## Given records
lemma measurable_act_dist:
  fixes p :: "'b \<Rightarrow> 'a::finite \<Rightarrow> real"
  assumes "\<And>a. (\<lambda>y. p y a) \<in> borel_measurable M"
    and "\<And>y a. p y a \<ge> 0" and "\<And>y. (\<Sum>a\<in>UNIV. p y a) = 1"
  shows "(\<lambda>y. act_dist (p y)) \<in> measurable M (subprob_algebra (count_space UNIV))"
proof (rule measurable_subprob_algebra)
  show "subprob_space (act_dist (p y))" for y
    using prob_space_act_dist[of "p y"] assms by (simp add: prob_space_imp_subprob_space)
  show "(\<lambda>y. emeasure (act_dist (p y)) A) \<in> borel_measurable M" for A :: "'a set"
    unfolding emeasure_act_dist using assms(1) by measurable
qed simp

lemma
  fixes p :: "'a::finite \<Rightarrow> real" and f :: "_ \<Rightarrow> real"
  assumes p_nonneg: "\<And>a. p a \<ge> 0"
    and N_subprob: "\<And>a. subprob_space (N a)" and N_sets: "\<And>a. sets (N a) = sets B"
    and f[measurable]: "f \<in> borel_measurable B" and f_int: "\<And>a. integrable (N a) f"
  shows integrable_act_dist_bind: "integrable (act_dist p \<bind> N) f"
    and integral_act_dist_bind: "integral\<^sup>L (act_dist p \<bind> N) f = (\<Sum>a\<in>UNIV. p a * integral\<^sup>L (N a) f)"
proof -
  have N[measurable]: "N \<in> measurable (act_dist p) (subprob_algebra B)"
    using N_subprob N_sets
    by (simp add: measurable_cong_sets[OF sets_act_dist refl] measurable_count_space_eq1 space_subprob_algebra)
  have "(\<integral>\<^sup>+y. norm (f y) \<partial>(act_dist p \<bind> N)) = (\<Sum>a\<in>UNIV. ennreal (p a) * \<integral>\<^sup>+y. norm (f y) \<partial>N a)"
    by (subst nn_integral_bind[OF _ N]) (simp_all add: nn_integral_act_dist)
  also have "\<dots> < \<infinity>"
    using f_int by (simp add: integrable_iff_bounded ennreal_mult_less_top)
  finally show int: "integrable (act_dist p \<bind> N) f"
    by (intro integrableI_bounded) (simp add: measurable_cong_sets[OF sets_bind[OF sets_kernel[OF N]]])
  show "integral\<^sup>L (act_dist p \<bind> N) f = (\<Sum>a\<in>UNIV. p a * integral\<^sup>L (N a) f)"
    by (simp add: integral_bind_integrable[OF f N int] integral_act_dist p_nonneg)
qed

## Work to be completed
Every line of the data must be written out again word for word.

## Answer to this task
lemma measurable_act_dist:
  fixes p :: "'b \<Rightarrow> 'a::finite \<Rightarrow> real"
  assumes "\<And>a. (\<lambda>y. p y a) \<in> borel_measurable M"
    and "\<And>y a. p y a \<ge> 0" and "\<And>y. (\<Sum>a\<in>UNIV. p y a) = 1"
  shows "(\<lambda>y. act_dist (p y)) \<in> measurable M (subprob_algebra (count_space UNIV))"
proof (rule measurable_subprob_algebra)
  show "subprob_space (act_dist (p y))" for y
    using prob_space_act_dist[of "p y"] assms by (simp add: prob_space_imp_subprob_space)
  show "(\<lambda>y. emeasure (act_dist (p y)) A) \<in> borel_measurable M" for A :: "'a set"
    unfolding emeasure_act_dist using assms(1) by measurable
qed simp

lemma
  fixes p :: "'a::finite \<Rightarrow> real" and f :: "_ \<Rightarrow> real"
  assumes p_nonneg: "\<And>a. p a \<ge> 0"
    and N_subprob: "\<And>a. subprob_space (N a)" and N_sets: "\<And>a. sets (N a) = sets B"
    and f[measurable]: "f \<in> borel_measurable B" and f_int: "\<And>a. integrable (N a) f"
  shows integrable_act_dist_bind: "integrable (act_dist p \<bind> N) f"
    and integral_act_dist_bind: "integral\<^sup>L (act_dist p \<bind> N) f = (\<Sum>a\<in>UNIV. p a * integral\<^sup>L (N a) f)"
proof -
  have N[measurable]: "N \<in> measurable (act_dist p) (subprob_algebra B)"
    using N_subprob N_sets
    by (simp add: measurable_cong_sets[OF sets_act_dist refl] measurable_count_space_eq1 space_subprob_algebra)
  have "(\<integral>\<^sup>+y. norm (f y) \<partial>(act_dist p \<bind> N)) = (\<Sum>a\<in>UNIV. ennreal (p a) * \<integral>\<^sup>+y. norm (f y) \<partial>N a)"
    by (subst nn_integral_bind[OF _ N]) (simp_all add: nn_integral_act_dist)
  also have "\<dots> < \<infinity>"
    using f_int by (simp add: integrable_iff_bounded ennreal_mult_less_top)
  finally show int: "integrable (act_dist p \<bind> N) f"
    by (intro integrableI_bounded) (simp add: measurable_cong_sets[OF sets_bind[OF sets_kernel[OF N]]])
  show "integral\<^sup>L (act_dist p \<bind> N) f = (\<Sum>a\<in>UNIV. p a * integral\<^sup>L (N a) f)"
    by (simp add: integral_bind_integrable[OF f N int] integral_act_dist p_nonneg)
qed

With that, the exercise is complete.